Among the entries below, one stretch runs from the line that contains "leB f \<longleftrightarrow>" through the line that contains "define k where". Repeat that stretch exactly, ends included, and only that.

────────────────

(* For any $n\ge 1$, the Hochschild lattice $(\mathsf{Tr}(n),\preccurlyeq)$ is constructible by interval doubling.
   Context: A triword of size $n$ is a word $u=u_1\cdots u_n$ with $u_i\in\{0,1,2\}$, $u_1\ne 2$, and such that $u_i=0$ implies $u_j\neq 1$ for all $j>i$; $\mathsf{Tr}(n)$ is their set, ordered componentwise ($u\preccurlyeq v$ iff $u_i\le v_i$ for all $i$). Let $\mathbf{2}=\{0<1\}$. For a poset $\mathcal{P}$ and an interval $I$ of $\mathcal{P}$, the interval doubling $\mathcal{P}[I]:=(\mathcal{P}\setminus I)\cup(I\times\mathbf{2})$ is ordered by: $x\preccurlyeq' y$ iff either $x,y\in\mathcal{P}\setminus I$ and $x\preccurlyeq y$; or $x\in\mathcal{P}\setminus I$, $y=(y',b)$ and $x\preccurlyeq y'$; or $x=(x',a)$, $y\in\mathcal{P}\setminus I$ and $x'\preccurlyeq y$; or $x=(x',a)$, $y=(y',b)$, $x'\preccurlyeq y'$ and $a\le b$. A lattice is constructible by interval doubling if it is isomorphic to a poset obtained from the one-element lattice by a finite sequence of interval doublings. *)

theory Defs
  imports Main
begin

definition triwords :: "nat \<Rightarrow> nat list set" where
  "triwords n = {u. length u = n \<and> (\<forall>i<n. u ! i \<le> 2) \<and> (n > 0 \<longrightarrow> u ! 0 \<noteq> 2)
                   \<and> (\<forall>i j. i < j \<and> j < n \<and> u ! i = 0 \<longrightarrow> u ! j \<noteq> 1)}"

definition tr_le :: "nat list \<Rightarrow> nat list \<Rightarrow> bool" where
  "tr_le u v \<longleftrightarrow> length u = length v \<and> (\<forall>i<length u. u ! i \<le> v ! i)"

definition is_interval :: "'a set \<Rightarrow> ('a \<Rightarrow> 'a \<Rightarrow> bool) \<Rightarrow> 'a set \<Rightarrow> bool" where
  "is_interval P le I \<longleftrightarrow> (\<exists>a\<in>P. \<exists>b\<in>P. le a b \<and> I = {x\<in>P. le a x \<and> le x b})"

text \<open>Interval doubling P[I] = (P - I) \<union> (I \<times> 2), with 2 = {False < True}.\<close>
definition dbl_carrier :: "'a set \<Rightarrow> 'a set \<Rightarrow> ('a + 'a \<times> bool) set" where
  "dbl_carrier P I = Inl ` (P - I) \<union> Inr ` (I \<times> UNIV)"

fun dbl_le :: "('a \<Rightarrow> 'a \<Rightarrow> bool) \<Rightarrow> ('a + 'a \<times> bool) \<Rightarrow> ('a + 'a \<times> bool) \<Rightarrow> bool" where
  "dbl_le le (Inl x) (Inl y) = le x y"
| "dbl_le le (Inl x) (Inr (y, b)) = le x y"
| "dbl_le le (Inr (x, a)) (Inl y) = le x y"
| "dbl_le le (Inr (x, a)) (Inr (y, b)) = (le x y \<and> (a \<longrightarrow> b))"

definition order_iso :: "'a set \<Rightarrow> ('a \<Rightarrow> 'a \<Rightarrow> bool) \<Rightarrow> 'b set \<Rightarrow> ('b \<Rightarrow> 'b \<Rightarrow> bool) \<Rightarrow> ('a \<Rightarrow> 'b) \<Rightarrow> bool" where
  "order_iso A leA B leB f \<longleftrightarrow> bij_betw f A B \<and> (\<forall>x\<in>A. \<forall>y\<in>A. leA x y \<longleftrightarrow> leB (f x) (f y))"

inductive dbl_constr_nat :: "nat set \<Rightarrow> (nat \<Rightarrow> nat \<Rightarrow> bool) \<Rightarrow> bool" where
  base: "le x x \<Longrightarrow> dbl_constr_nat {x} le"
| step: "dbl_constr_nat P le \<Longrightarrow> is_interval P le I \<Longrightarrow>
         order_iso Q leQ (dbl_carrier P I) (dbl_le le) (f :: nat \<Rightarrow> nat + nat \<times> bool) \<Longrightarrow>
         dbl_constr_nat Q leQ"
lemma rt_array_rows_inj:
  assumes x: "inj_on x {..<q}" "x ` {..<q} \<subseteq> carrier R" and "t > 0"
    and J: "rt_anti_ideal (q + 1) t J" "card J = t"
    and c: "c \<in> {..<t} \<rightarrow>\<^sub>E carrier R" and c': "c' \<in> {..<t} \<rightarrow>\<^sub>E carrier R"
    and eq: "\<And>col. col \<in> J \<Longrightarrow> rt_array_entry q t x c col = rt_array_entry q t x c' col"
  shows "c = c'"
proof -
  define k where "k i = card (J \<inter> rt_block t i)" for i
  have "t = (\<Sum>i<Suc q. k i)"
    using J card_eq_sum_rt_blocks[of J "q + 1" t] by (simp add: rt_anti_ideal_def k_def)
  then have k_sum: "t \<le> (\<Sum>i<q. k i) + k q" by simp
  have k_le: "k i \<le> t" for i
    using card_mono[of "rt_block t i" "J \<inter> rt_block t i"] by (simp add: k_def rt_block_def)
  show ?thesis
  proof (rule coeffs_eq_if_taylor_coeffs_eq[OF x c c' k_sum])
    fix i d assume "i < q" "d < k i"
    then have "d < t" using k_le[of i] by simp
    then have "(i + 1) * t - d \<in> J"
      using \<open>i < q\<close> \<open>d < k i\<close>
      by (intro rt_anti_ideal_contains_block_top[OF J(1), of i]) (auto simp: rt_block_def k_def)
    then show "taylor_coeff d (poly_of_coeffs t c) (x i) = taylor_coeff d (poly_of_coeffs t c') (x i)"
      using eq rt_array_entry_taylor_block[OF \<open>i < q\<close> \<open>d < t\<close>] by metis
  next
    fix j assume "t - k q \<le> j" "j < t"
    then have "q * t + j + 1 \<in> J"
      by (intro rt_anti_ideal_contains_block_top[OF J(1), of q]) (auto simp: rt_block_def k_def)
    then show "c j = c' j" using eq rt_array_entry_last_block[OF \<open>j < t\<close>] by metis
  qed
qed

lemma rt_array_rows_surj:
  assumes fin: "finite (carrier R)"
    and x: "inj_on x {..<q}" "x ` {..<q} \<subseteq> carrier R" and "t > 0"
    and J: "rt_anti_ideal (q + 1) t J" "card J = t"
    and g: "g \<in> J \<rightarrow>\<^sub>E carrier R"
  obtains c where "c \<in> {..<t} \<rightarrow>\<^sub>E carrier R" "\<And>col. col \<in> J \<Longrightarrow> rt_array_entry q t x c col = g col"
proof -
  let ?C = "{..<t} \<rightarrow>\<^sub>E carrier R" and ?T = "J \<rightarrow>\<^sub>E carrier R"
  define row where "row c = restrict (rt_array_entry q t x c) J" for c
  have "inj_on row ?C"
  proof (rule inj_onI)
    fix c c' assume "c \<in> ?C" "c' \<in> ?C" "row c = row c'"
    then have "rt_array_entry q t x c col = rt_array_entry q t x c' col" if "col \<in> J" for col
      using that by (metis row_def restrict_apply')
    then show "c = c'"
      using rt_array_rows_inj[OF x \<open>t > 0\<close> J] \<open>c \<in> ?C\<close> \<open>c' \<in> ?C\<close> by blast
  qed
  moreover have "row ` ?C \<subseteq> ?T"
    using rt_array_entry_closed[OF x(2) \<open>t > 0\<close>] by (auto simp: row_def PiE_def)
  moreover have "finite J" using J(2) \<open>t > 0\<close> card_ge_0_finite by blast
  ultimately have "row ` ?C = ?T"
    using fin J(2) by (intro card_subset_eq) (simp_all add: finite_PiE card_image card_PiE)
  then obtain c where "c \<in> ?C" "g = row c" using g by blast
  then show ?thesis using that by (simp add: row_def)
qed

lemma rt_array_entry_const_rows:
  assumes "x ` {..<q} \<subseteq> carrier R" "t > 0"
    and "c = (\<lambda>i\<in>{..<t}. \<zero>) \<or> c = (\<lambda>i\<in>{..<t}. if i = 0 then \<one> else \<zero>)"
  shows "rt_array_entry q t x c col \<in> {\<zero>, \<one>}"
proof -
  have one: "[\<one>] \<in> carrier (poly_ring R)"
    unfolding univ_poly_carrier[symmetric] polynomial_def by simp
  have "poly_of_coeffs t c = [] \<or> poly_of_coeffs t c = [\<one>]"
    using assms(3)
  proof
    assume "c = (\<lambda>i\<in>{..<t}. \<zero>)"
    then have "poly_of_coeffs t c = []"
      by (intro poly_of_coeffs_eqI) (auto simp: univ_poly_zero_closed)
    then show ?thesis ..
  next
    assume "c = (\<lambda>i\<in>{..<t}. if i = 0 then \<one> else \<zero>)"
    then have "poly_of_coeffs t c = [\<one>]"
      using one \<open>t > 0\<close> by (intro poly_of_coeffs_eqI) auto
    then show ?thesis ..
  qed
  moreover have "c ((col - 1) mod t) \<in> {\<zero>, \<one>}"
    using assms(2,3) by (auto split: if_splits)
  moreover have "x ((col - 1) div t) \<in> carrier R" if "(col - 1) div t < q"
    using assms(1) that by auto
  ultimately show ?thesis
    by (auto simp: rt_array_entry_def taylor_coeff_Nil taylor_coeff_one)
qed

end

lemma (in field) encoded_rt_array_realises:
  assumes fin: "finite (carrier R)" and enc: "bij_betw enc (carrier R) {..<v}"
    and x: "inj_on x {..<q}" "x ` {..<q} \<subseteq> carrier R" and "t > 0"
    and J: "rt_anti_ideal (q + 1) t J" "card J = t"
    and g: "g \<in> J \<rightarrow>\<^sub>E {..<v}"
  shows "\<exists>c\<in>{..<t} \<rightarrow>\<^sub>E carrier R. \<forall>j\<in>J. enc (rt_array_entry q t x c j) = g j"
proof -
  let ?dec = "the_inv_into (carrier R) enc"
  have "(\<lambda>j\<in>J. ?dec (g j)) \<in> J \<rightarrow>\<^sub>E carrier R"
    using g bij_betw_the_inv_into[OF enc] by (auto simp: bij_betw_def)
  then obtain c where "c \<in> {..<t} \<rightarrow>\<^sub>E carrier R"
    and c: "\<And>j. j \<in> J \<Longrightarrow> rt_array_entry q t x c j = ?dec (g j)"
    by (rule rt_array_rows_surj[OF fin x \<open>t > 0\<close> J]) simp
  moreover have "enc (?dec (g j)) = g j" if "j \<in> J" for j
    using that g f_the_inv_into_f_bij_betw[OF enc] by auto
  ultimately show ?thesis by (intro bexI[of _ c]) auto
qed

section \<open>Ordered covering arrays\<close>

lemma OCAN_le_card_rows:
  fixes E :: "'r \<Rightarrow> nat \<Rightarrow> nat"
  assumes "finite S"
    and range: "\<And>c col. c \<in> S \<Longrightarrow> col \<in> {1..m * s} \<Longrightarrow> E c col < v"
    and cover: "\<And>J f. rt_anti_ideal m s J \<Longrightarrow> card J = t \<Longrightarrow> f \<in> J \<rightarrow>\<^sub>E {..<v} \<Longrightarrow>
      \<exists>c\<in>S. \<forall>j\<in>J. E c j = f j"
  shows "OCAN t m s v \<le> card S"
proof -
  obtain row where row: "bij_betw row {0..<card S} S"
    using ex_bij_betw_nat_finite[OF \<open>finite S\<close>] by blast
  have "is_OCA (card S) t m s v (\<lambda>r. E (row r))"
    unfolding is_OCA_def covered_def
  proof (intro conjI allI impI ballI)
    fix r col assume "r < card S" "col \<in> {1..m * s}"
    moreover have "row r \<in> S" using row \<open>r < card S\<close> by (auto simp: bij_betw_def)
    ultimately show "E (row r) col < v" using range by blast
  next
    fix J f assume "rt_anti_ideal m s J \<and> card J = t" "f \<in> J \<rightarrow>\<^sub>E {..<v}"
    then obtain c where "c \<in> S" "\<forall>j\<in>J. E c j = f j" using cover by blast
    moreover have "c \<in> row ` {0..<card S}" using row \<open>c \<in> S\<close> by (simp add: bij_betw_def)
    then obtain r where "r < card S" "row r = c" by auto
    ultimately show "\<exists>r<card S. \<forall>j\<in>J. E (row r) j = f j" by blast
  qed
  then have "\<exists>A. is_OCA (card S) t m s v A" by blast
  then show ?thesis unfolding OCAN_def by (rule Least_le)
qed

────────────────

• _WORKED SOLUTION_
  "order_iso A leA B leB f \<longleftrightarrow> bij_betw f A B \<and> (\<forall>x\<in>A. \<forall>y\<in>A. leA x y \<longleftrightarrow> leB (f x) (f y))"

inductive dbl_constr_nat :: "nat set \<Rightarrow> (nat \<Rightarrow> nat \<Rightarrow> bool) \<Rightarrow> bool" where
  base: "le x x \<Longrightarrow> dbl_constr_nat {x} le"
| step: "dbl_constr_nat P le \<Longrightarrow> is_interval P le I \<Longrightarrow>
         order_iso Q leQ (dbl_carrier P I) (dbl_le le) (f :: nat \<Rightarrow> nat + nat \<times> bool) \<Longrightarrow>
         dbl_constr_nat Q leQ"
lemma rt_array_rows_inj:
  assumes x: "inj_on x {..<q}" "x ` {..<q} \<subseteq> carrier R" and "t > 0"
    and J: "rt_anti_ideal (q + 1) t J" "card J = t"
    and c: "c \<in> {..<t} \<rightarrow>\<^sub>E carrier R" and c': "c' \<in> {..<t} \<rightarrow>\<^sub>E carrier R"
    and eq: "\<And>col. col \<in> J \<Longrightarrow> rt_array_entry q t x c col = rt_array_entry q t x c' col"
  shows "c = c'"
proof -
  define k where "k i = card (J \<inter> rt_block t i)" for i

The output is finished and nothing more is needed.